Sunday, March 15, 2009

Now That They Get It, They Can’t Fix It

I have written a number of times previously about the source of the current economic crisis in the United States. To briefly review, the Congress and Clinton administration created policy which encouraged loans to low income individuals because they thought more home ownership would be good for the country. Freddie Mac and Fannie Mae bought a lot of the loans from primary lenders therefore leading the primary lenders to make more poor loans. The real problem came when Fannie Mae and Freddie Mac created securities based on the value of those bad mortgages and sold hundreds of billions of dollars of the securities to investment banks around the world. The current problem with fixing the problem is that there is no way to determine which mortgages are associated with which securities. Because there is no association, no one can determine how much each security is worth. Therefore, banks who own billions of dollars in those securities don’t have any idea whether they own securities of value or not. They are holding onto the solid money they have because they don’t really know how much they have in those securities. The US government is discussing how to get those “toxic assets”, as they are now known, out of the financial system to try to restore normality to the system. The administration and the Congress are still trying to figure out how to do it.

There are several possible ways to try to value those assets. The grindstone way is to look at every single mortgage which was bought by Fannie Mae and Freddie Mac to determine the value of the mortgage (solid, just getting by, or in default). Even if that monumental task was done (and it would take a long time), the question then becomes how to assign the individual mortgages to the securities. None of the owners of the securities want the worthless mortgages assigned to the securities that they own. In fact, the owners of the securities are looking for the government to get them their money back. That is patently ridiculous. The idea that taxpayers should make up money to speculators who greedily and hungrily bought those securities is insane. If I buy a stock and the value tanks, I don’t expect the government to refund my money. One way to assign mortgages which would seem fairer is to evaluate them all and to use the average value to calculate the value of the securities. That way, every institution that bought those securities will share proportionately in the pain of the downturn of the real estate market and none will be assigned entirely worthless mortgages. The problem with that approach is that a vague average is assigned and not the actual value of the individual mortgage. When assets are not based on a real value, there is a lot of uncertainty in the system. It is that very uncertainty which keeps financial institutions from freeing funds for lending.

The government solution currently seems to be to buy those “toxic assets” from the owners of the securities to resume normal operation of the financial system. There are several problems with this solution. The first is that by spending $750 billion on the first TARP (toxic asset relief program), a $760 billion “stimulus program” which had nothing to do with correcting the problem, a TARP II program, and then a $410 billion omnibus spending bill, the American public has caught on to the fact that the money has to come from somewhere. There is little, if any, patience left for another huge spending bill in addition to President Obama’s proposed 2009-2010 budget. The President is continuing to propose huge spending on social programs which are liberal politics and have nothing to do with fixing the problem. The cost of buying the “toxic assets” is staggering. I believe the current administration has misspent the political capital from the election on the huge liberal spending programs and now will have to deal with the resentment to their spending. The resentment and potential political backlash will likely prevent the spending which should have been the first priority, fixing the mortgage crisis. If the mortgage security problem had been originally addressed, the markets would have fixed themselves and several trillion dollars in government "stimulus" could have been saved. By taking political advantage of the crisis to put liberal social programs in place, there is nothing left with which to fix the crisis. The only option is to borrow from foreign countries and tax the people who actually earn money, therefore leaving them nothing to invest in the markets. It is self-defeating.

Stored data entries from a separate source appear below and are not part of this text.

(* Let $\sigma$, $\nu$, $\alpha$ and $c$ be as in the second-order ergodic theorem for admissible substitutions (see context). Then for every $b\in\mathcal B$ and $\nu$-a.e. $x=(x_k)_{k\in\mathbb Z}\in X_\sigma$, $$\lim_{n\to\infty}\frac1{\log n}\sum_{1\le k\le n,\ x_k=b}\frac1{k^\alpha}=\alpha\cdot c\cdot\nu([b]).$$
   Context: $\mathcal A=\{1,\dots,N\}$, $\sigma:\mathcal A\to\mathcal A^+$ a substitution; $X_\sigma=\{x\in\mathcal A^{\mathbb Z}:x[-n,n]$ is a subword of some $\sigma^m(a)$, $m\ge1$, for all $n\ge 1\}$ with left shift $S$; $[b]=\{x:x_0=b\}$. $M_\sigma$ has $(a,b)$ entry the number of occurrences of $a$ in $\sigma(b)$. $\sigma$ is admissible if $M_\sigma=\begin{pmatrix}A&C\\0&B\end{pmatrix}$ (suitable ordering) with $A,B$ primitive, $C\ne0$, $\rho(A)>\rho(B)>1$, and, with $\mathcal B$ the letters indexing $B$: each $\sigma(b)$, $b\in\mathcal B$, begins and ends with a letter of $\mathcal B$, and for each $b\in\mathcal B$ some $\sigma^k(b)$ has a letter of $\mathcal B$ at a position other than first and last. $\nu$ is the unique (up to scaling) $\sigma$-finite infinite $S$-invariant measure on $X_\sigma$ with $0<\nu([b])<\infty$ for $b\in\mathcal B$, normalized by $\sum_{b\in\mathcal B}\xi_b\nu([b])=1$, where $\xi_i>0$ satisfy $|\sigma^k(i)|/(\xi_i\rho(A)^k)\to1$. $\alpha=\log\rho(B)/\log\rho(A)$, and $c>0$ is the constant of the second-order ergodic theorem: for every $f\in L^1(X_\sigma,\nu)$ and $\nu$-a.e. $x$, $\lim_{n\to\infty}\frac1{\log n}\sum_{k=1}^n\frac{\sum_{i=0}^{k-1}f(S^ix)}{c\,k^{\alpha+1}}=\int f\,d\nu$ (explicitly, $c=\gamma\delta$ with $\delta$ the a.e. value of the right average $\alpha$-dimensional density of $\mathcal H^\alpha$ on the graph-directed sets $K_b$ of the associated tile substitution and $\gamma^{-1}=\sum_{b\in\mathcal B}\nu([b])\mathcal H^\alpha(K_b)$). *)

theory Defs
  imports "HOL-Analysis.Analysis" "HOL-Probability.Probability" "HOL-Library.Sublist"
    "Jordan_Normal_Form.Spectral_Radius" "Jordan_Normal_Form.DL_Submatrix"
begin
(* Let $\|\cdot\|_c$ and $\|\cdot\|_s$ be norms on $\mathbb{R}^d$, let $f(x)=\frac12\|x\|_c^2$, and suppose $g(x)=\frac12\|x\|_s^2$ is $L$-smooth with respect to $\|\cdot\|_s$. Let $\ell_{cs}\in(0,1]$ and $u_{cs}\in[1,\infty)$ satisfy $\ell_{cs}\|x\|_c\le\|x\|_s\le u_{cs}\|x\|_c$ for all $x$. For $\mu>0$ define $M(x)=\min_{u\in\mathbb{R}^d}\{f(u)+\frac1\mu g(x-u)\}$. Then: (1) $M$ is convex and $L/\mu$-smooth with respect to $\|\cdot\|_s$; (2) for all $x\in\mathbb{R}^d$, $(1+\mu/u_{cs}^2)M(x)\le f(x)\le(1+\mu/\ell_{cs}^2)M(x)$; (3) there exists a norm $\|\cdot\|_M$ on $\mathbb{R}^d$ such that $M(x)=\frac12\|x\|_M^2$ for all $x$.
   Context: A convex differentiable function $h:\mathbb{R}^d\to\mathbb{R}$ is $L$-smooth with respect to a norm $\|\cdot\|$ if $h(y)\le h(x)+\langle\nabla h(x),y-x\rangle+\frac L2\|x-y\|^2$ for all $x,y\in\mathbb{R}^d$, where $\langle x,y\rangle=x^\top y$. The function $M$ is the generalized Moreau envelope of $f$ with respect to $g$ (the minimum is attained). *)

theory Defs
  imports "HOL-Analysis.Analysis"
begin

definition is_norm :: "('a::real_vector \<Rightarrow> real) \<Rightarrow> bool" where
  "is_norm N \<longleftrightarrow>
     (\<forall>x. 0 \<le> N x) \<and> (\<forall>x. N x = 0 \<longleftrightarrow> x = 0) \<and>
     (\<forall>c x. N (c *\<^sub>R x) = \<bar>c\<bar> * N x) \<and>
     (\<forall>x y. N (x + y) \<le> N x + N y)"
(* For all $1\le a\le n$, $S_a\cdot L(u)=0$, i.e. every coefficient of the formal power series $L(u)$ in $D$ is annihilated by $S_a$.
   Context: Fix $n\ge2$. Let $Q_a(u)$ ($1\le a\le n$, $u\in\mathbb C$) be algebraically independent commuting indeterminates, $\mathcal Q=\mathbb Z[Q_a(u)^{\pm1}]$. Bilinear form of type $B_n$: $(\alpha_a|\alpha_a)=d_a:=2-\delta_{an}$, $(\alpha_a|\alpha_{a+1})=(\alpha_{a+1}|\alpha_a)=-1$ for $1\le a\le n-1$, $(\alpha_a|\alpha_b)=0$ if $|a-b|\ge2$. Put $Y_a(u)=Q_a(u-\frac{d_a}2)/Q_a(u+\frac{d_a}2)$, $Y_0(u)=1$, $\mathcal Y=\mathbb Z[Y_a(u)^{\pm1}]$. Define $z_a(u)=\frac{Y_a(u+a)}{Y_{a-1}(u+a+1)}$, $z_{\bar a}(u)=\frac{Y_{a-1}(u+2n-a)}{Y_a(u+2n-a+1)}$ for $1\le a\le n-1$; $z_n(u)=\frac{Y_n(u+\frac{2n+1}2)Y_n(u+\frac{2n-1}2)}{Y_{n-1}(u+n+1)}$, $z_{\bar n}(u)=\frac{Y_{n-1}(u+n)}{Y_n(u+\frac{2n+3}2)Y_n(u+\frac{2n+1}2)}$, $z_0(u)=\frac{Y_n(u+\frac{2n-1}2)}{Y_n(u+\frac{2n+3}2)}$. Work in the ring of formal power series $\sum_{j\ge0}c_j(u)D^j$ with $c_j(u)\in\mathcal Y$ and $D\,c(u)=c(u+1)D$; define \[ L(u)=(1-z_{\bar1}(u)D^2)\cdots(1-z_{\bar n}(u)D^2)\,(1+z_0(u)D^2)^{-1}\,(1-z_n(u)D^2)\cdots(1-z_1(u)D^2), \] where $(1+z_0(u)D^2)^{-1}=\sum_{k\ge0}(-z_0(u)D^2)^k$. Screening: let $A_a(u)=\prod_{b=1}^n\frac{Q_b(u-(\alpha_a|\alpha_b))}{Q_b(u+(\alpha_a|\alpha_b))}$; let $\mathcal S$ be the commutative ring generated over $\mathcal Q$ by symbols $S_a(u)$ subject to $S_a(u+d_a)=A_a(u+\frac{d_a}2)S_a(u)$. $S_a:\mathcal Y\to\mathcal S$ is the additive map obeying the Leibniz rule with $S_a\cdot Y_b(u)=\delta_{ab}Y_b(u)S_b(u)$; it acts on power series in $D$ coefficientwise. *)

theory Defs
  imports Complex_Main "HOL-Library.Poly_Mapping"
begin

text \<open>The ring Q = Z[Q_a(u)^{+-1}] of Laurent polynomials in the algebraically independent
  indeterminates Q_a(u) (a a natural number, u complex): group ring of the free abelian group
  of exponent vectors.\<close>

type_synonym lmon = "(nat \<times> complex) \<Rightarrow>\<^sub>0 int"
type_synonym lpoly = "lmon \<Rightarrow>\<^sub>0 int"

definition lm :: "lmon \<Rightarrow> lpoly" where
  "lm e = Poly_Mapping.single e 1"

definition Qp :: "nat \<Rightarrow> complex \<Rightarrow> int \<Rightarrow> lpoly" where
  "Qp a u k = lm (Poly_Mapping.single (a, u) k)"

definition dd :: "nat \<Rightarrow> nat \<Rightarrow> complex" where
  "dd n a = (if a = n then 1 else 2)"

text \<open>Bilinear form of type B_n on simple roots (indices 1..n)\<close>
definition Bform :: "nat \<Rightarrow> nat \<Rightarrow> nat \<Rightarrow> int" where
  "Bform n a b = (if a = b then (if a = n then 1 else 2)
                  else if a = b + 1 \<or> b = a + 1 then -1 else 0)"

text \<open>Y_a(u)^k = (Q_a(u - d_a/2) / Q_a(u + d_a/2))^k, with Y_0 = 1\<close>
definition Yp :: "nat \<Rightarrow> nat \<Rightarrow> complex \<Rightarrow> int \<Rightarrow> lpoly" where
  "Yp n a u k = (if a = 0 then 1
     else lm (Poly_Mapping.single (a, u - dd n a / 2) k + Poly_Mapping.single (a, u + dd n a / 2) (-k)))"

inductive_set Yring :: "nat \<Rightarrow> lpoly set" for n where
  one: "1 \<in> Yring n"
| gen: "1 \<le> a \<Longrightarrow> a \<le> n \<Longrightarrow> Yp n a u 1 \<in> Yring n"
| geninv: "1 \<le> a \<Longrightarrow> a \<le> n \<Longrightarrow> Yp n a u (-1) \<in> Yring n"
| add: "x \<in> Yring n \<Longrightarrow> y \<in> Yring n \<Longrightarrow> x + y \<in> Yring n"
| neg: "x \<in> Yring n \<Longrightarrow> - x \<in> Yring n"
| mult: "x \<in> Yring n \<Longrightarrow> y \<in> Yring n \<Longrightarrow> x * y \<in> Yring n"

My guess is that they will inevitably screw the taxpayers by paying way too much for the assets in order to appear to be doing something and gain political points. The actual value of the assets will eventually declare themselves and the government (taxpayers) will be left holding the empty bag. The government will once again reward the speculators and failures at the expense of the prudent and safe investors. The same congressional representatives who screwed the pooch on oversight, regulation and then on spending will be the ones trying to fix the problem. When the government negotiates with people who are actually smart about financial matters and do it for a living, the government will always get hosed.